How it works: a fake security finding that exfiltrates over DNS

@inf0stache

The malicious issue uses security-finding language to get an agent to run a local scan.js that reads the home directory for secrets and leaks them over DNS, a channel that slips past egress rules built only to block outbound HTTP. The diagram traces the chain.

“The issue uses fake security finding language to push a local scan.js, which searches the home directory for secrets, base64 encodes the results, and reports over DNS.”

Read source

Coding's boring 90%, and the bill for the rest

A $3, 2-million-token mass refactor, with one funny deadlock

r/singularity

A poster ran an autonomous refactor across a 120-file FastAPI service. It took about 400 steps and 2 million tokens for $3, on cheap worker models that cost around 80 times less than Opus. The routine work landed; the hard part didn't.

“it confidently introduced a deadlock into my async event handler which was genuinely funny, so the hard 10% still needs opus.”

Read source

Addy Osmani: fine for side projects, tech debt for shared codebases

@addyosmani

A Google Chrome engineering leader draws the line between AI code in throwaway projects and AI code in a team codebase nobody fully understands.

“For side-projects that may be fine, but for anything team/shared I feel it's a recipe for tech debt down the line.”

Read source

'Cognitive surrender': shipping code you can't explain

@nakadai_mon

A name for the failure pattern underneath the tech-debt worry: developers who ship AI output and, when asked, can't say what it does.

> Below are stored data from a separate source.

lemma has_integral_powr_ratio:
  fixes \<alpha> \<beta> :: real
  assumes "\<alpha> > 0" "\<beta> \<ge> 0"
  shows "((\<lambda>w. (1 - w powr \<beta>) / (1 - w powr \<alpha>)) has_integral
           (Digamma ((\<beta> + 1) / \<alpha>) - Digamma (1 / \<alpha>)) / \<alpha>) {0..1}"
proof -
  define t where "t n w = w powr (real n * \<alpha>) - w powr (real n * \<alpha> + \<beta>)" for n w
  have t_geometric: "t n w = (w powr \<alpha>) ^ n * (1 - w powr \<beta>)" if "w > 0" for n w
    using that by (simp add: t_def powr_add powr_realpow algebra_simps flip: powr_powr)
  have "((\<lambda>w. (1 - w powr \<beta>) / (1 - w powr \<alpha>)) has_integral
           (Digamma ((\<beta> + 1) / \<alpha>) - Digamma (1 / \<alpha>)) / \<alpha>) {0<..<1}"
  proof (rule has_integral_sums_nonneg)
    have monomial: "((\<lambda>w. w powr e) has_integral 1 / (e + 1)) {0..1}" if "e \<ge> 0" for e :: real
      using has_integral_powr_from_0 [of e 1] that by simp
    show "(t n has_integral 1 / (real n * \<alpha> + 1) - 1 / (real n * \<alpha> + \<beta> + 1)) {0<..<1}" for n
      unfolding t_def has_integral_Icc_iff_Ioo [symmetric] using assms
      by (intro has_integral_diff monomial) auto
    show "0 \<le> t n w" if "w \<in> {0<..<1}" for n w
      using that assms by (simp add: t_geometric powr_le1)
    show "(\<lambda>n. t n w) sums ((1 - w powr \<beta>) / (1 - w powr \<alpha>))" if "w \<in> {0<..<1}" for w
    proof -
      have "norm (w powr \<alpha>) < 1"
        using that assms by (simp add: powr01_less_one)
      from sums_mult2 [OF geometric_sums [OF this], of "1 - w powr \<beta>"] show ?thesis
        using that by (simp add: t_geometric)
    qed
  qed (use assms in \<open>rule powr_ratio_coeffs_sums\<close>)
  then show ?thesis
    by (simp add: has_integral_Icc_iff_Ioo)
qed

lemma phi_eq_powr_mult: "0 \<le> x \<Longrightarrow> phi a x = x powr a * (1 - x)"
  by (cases "x = 0") (auto simp: phi_def powr_add algebra_simps)

lemma continuous_on_phi: "0 < a \<Longrightarrow> continuous_on {0..} (phi a)"
  unfolding phi_def
  by (intro continuous_on_diff continuous_on_powr' continuous_on_id continuous_on_const) auto

lemma phi_has_real_derivative:
  assumes "0 < t"
  shows "(phi a has_real_derivative t powr (a - 1) * (a - (a + 1) * t)) (at t)"
proof -
  have "t powr (a + 1 - 1) = t powr (a - 1) * t"
    using assms by (simp add: powr_diff)
  moreover have "(phi a has_real_derivative a * t powr (a - 1) - (a + 1) * t powr (a + 1 - 1)) (at t)"
    unfolding phi_def [abs_def] using assms by (intro derivative_intros has_real_derivative_powr)
  ultimately show ?thesis
    by (simp add: algebra_simps)
qed

lemma xzero_bounds: "0 < a \<Longrightarrow> 0 < xzero a \<and> xzero a < 1"
  by (simp add: xzero_def)

lemma strict_mono_on_phi:
  assumes "0 < a"
  shows "strict_mono_on {0..xzero a} (phi a)"
proof (rule strict_mono_onI)
  fix x y assume xy: "x \<in> {0..xzero a}" "y \<in> {0..xzero a}" "x < y"
  show "phi a x < phi a y"
  proof (rule DERIV_pos_imp_increasing_open [OF \<open>x < y\<close>])
    fix t assume "x < t" "t < y"
    have "(a + 1) * t < (a + 1) * y"
      using \<open>t < y\<close> assms by simp
    moreover have "(a + 1) * y \<le> a"
      using xy assms by (simp add: xzero_def field_simps)
    moreover have "0 < t"
      using \<open>x < t\<close> xy by simp
    ultimately show "\<exists>d. (phi a has_real_derivative d) (at t) \<and> 0 < d"
      by (intro exI [of _ "t powr (a - 1) * (a - (a + 1) * t)"] conjI phi_has_real_derivative) auto
  next
    show "continuous_on {x..y} (phi a)"
      using xy by (intro continuous_on_subset [OF continuous_on_phi [OF assms]]) auto
  qed
qed
theorem proposition3p3:
  fixes M :: "'a measure" and xi :: "int \<Rightarrow> 'a \<Rightarrow> int \<times> int" and t :: int
  assumes "prob_space M"
    and "prob_space.indep_vars M (\<lambda>_. count_space UNIV) xi UNIV"
    and "\<And>l. distr M (count_space UNIV) (xi l) = measure_pmf nu"
  shows "distr M (PiM UNIV (\<lambda>_::nat. count_space (UNIV::int set)))
            (\<lambda>\<omega> n. cwp (\<lambda>l. xi l \<omega>) t n)
       = distr (PiM UNIV (\<lambda>_::nat. measure_pmf (map_pmf snd nu)))
            (PiM UNIV (\<lambda>_::nat. count_space (UNIV::int set)))
            (\<lambda>\<eta> n. \<Sum>k<n. \<eta> k)
     \<and> map_pmf snd nu = map_pmf (\<lambda>w. - fst w) nu"
proof
  interpret prob_space M by fact
  let ?C = "PiM UNIV (\<lambda>_::nat. count_space (UNIV::int set))"
  let ?W = "PiM UNIV (\<lambda>_::nat. count_space (UNIV::(int \<times> int) set))"
  let ?steps = "\<lambda>\<omega> n. xi (t + int n) \<omega>"
  let ?sums = "\<lambda>\<eta> n. \<Sum>k<n. \<eta> k :: int"
  have steps_meas: "?steps \<in> measurable M ?W"
    using assms(2) by (intro measurable_PiM_single') (auto simp: indep_vars_def)
  have incr_meas: "walk_incr cw_inc \<in> measurable ?W ?C"
    by (rule measurable_adapted[OF walk_incr_cong]) auto
  have sums_meas: "?sums \<in> measurable ?C ?C"
    by (rule measurable_adapted) simp
  have "(\<lambda>\<omega> n. cwp (\<lambda>l. xi l \<omega>) t n) = ?sums \<circ> (walk_incr cw_inc \<circ> ?steps)"
    by (simp add: fun_eq_iff cwp_eq_walk walk_eq_sum_walk_incr)
  then have "distr M ?C (\<lambda>\<omega> n. cwp (\<lambda>l. xi l \<omega>) t n)
      = distr (distr (distr M ?W ?steps) ?C (walk_incr cw_inc)) ?C ?sums"
    using steps_meas incr_meas sums_meas by (simp add: distr_distr measurable_comp)
  also have "distr M ?W ?steps = PiM UNIV (\<lambda>_. measure_pmf nu)"
    using assms(2,3) by (rule distr_iid_reindex_eq_PiM) (simp add: inj_def)
  also have "distr \<dots> ?C (walk_incr cw_inc) = PiM UNIV (\<lambda>_. measure_pmf (map_pmf snd nu))"
    by (rule distr_walk_incr_eq_PiM) (rule map_cw_inc_nu)
  finally show "distr M ?C (\<lambda>\<omega> n. cwp (\<lambda>l. xi l \<omega>) t n)
      = distr (PiM UNIV (\<lambda>_. measure_pmf (map_pmf snd nu))) ?C ?sums" .
  show "map_pmf snd nu = map_pmf (\<lambda>w. - fst w) nu"
    by (rule map_snd_nu_eq_map_neg_fst_nu)
qed

end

“I've seen people with cognitive surrender and when called on it, they have no idea what said text or code means.”

Read source

r/programming ends its April LLM ban, writes a standing policy instead

r/programming

The 6.9-million-member subreddit ran a one-month trial ban on large language model content, took community feedback, and replaced it with rules rather than a blanket ban, a read on where developer culture is landing.

“After temporarily banning LLM-related content over April... we've decided to bring about an end of the temporary, I-can't-believe-it's-still-April ban on AI-related posts.”

Read source

Where the agent UI goes next

The missing primitive for agent swarms is coordination

Lou Bichard, Ona (AI Engineer talk)

Bichard argues the runtime, orchestration, and triggers for background agents are effectively solved; what's missing is a shared coordination layer, so teams keep abusing GitHub and Linear to stand in for one. He also makes the case for VM isolation over containers.

“Out of these primitives, I do believe we've effectively solved the runtime... the triggers are solved, but the thing that's missing for me is coordination.”

Read source

Your agent is an infinite canvas, and chat is the CLI phase

Rachel Lee Nabors, Arise (AI Engineer talk)

Nabors demos a working comic reader rendered inside Claude as a sandboxed MCP app, and argues the bare chat window is to agentic software what the command line was to software: a developer phase, not the end state.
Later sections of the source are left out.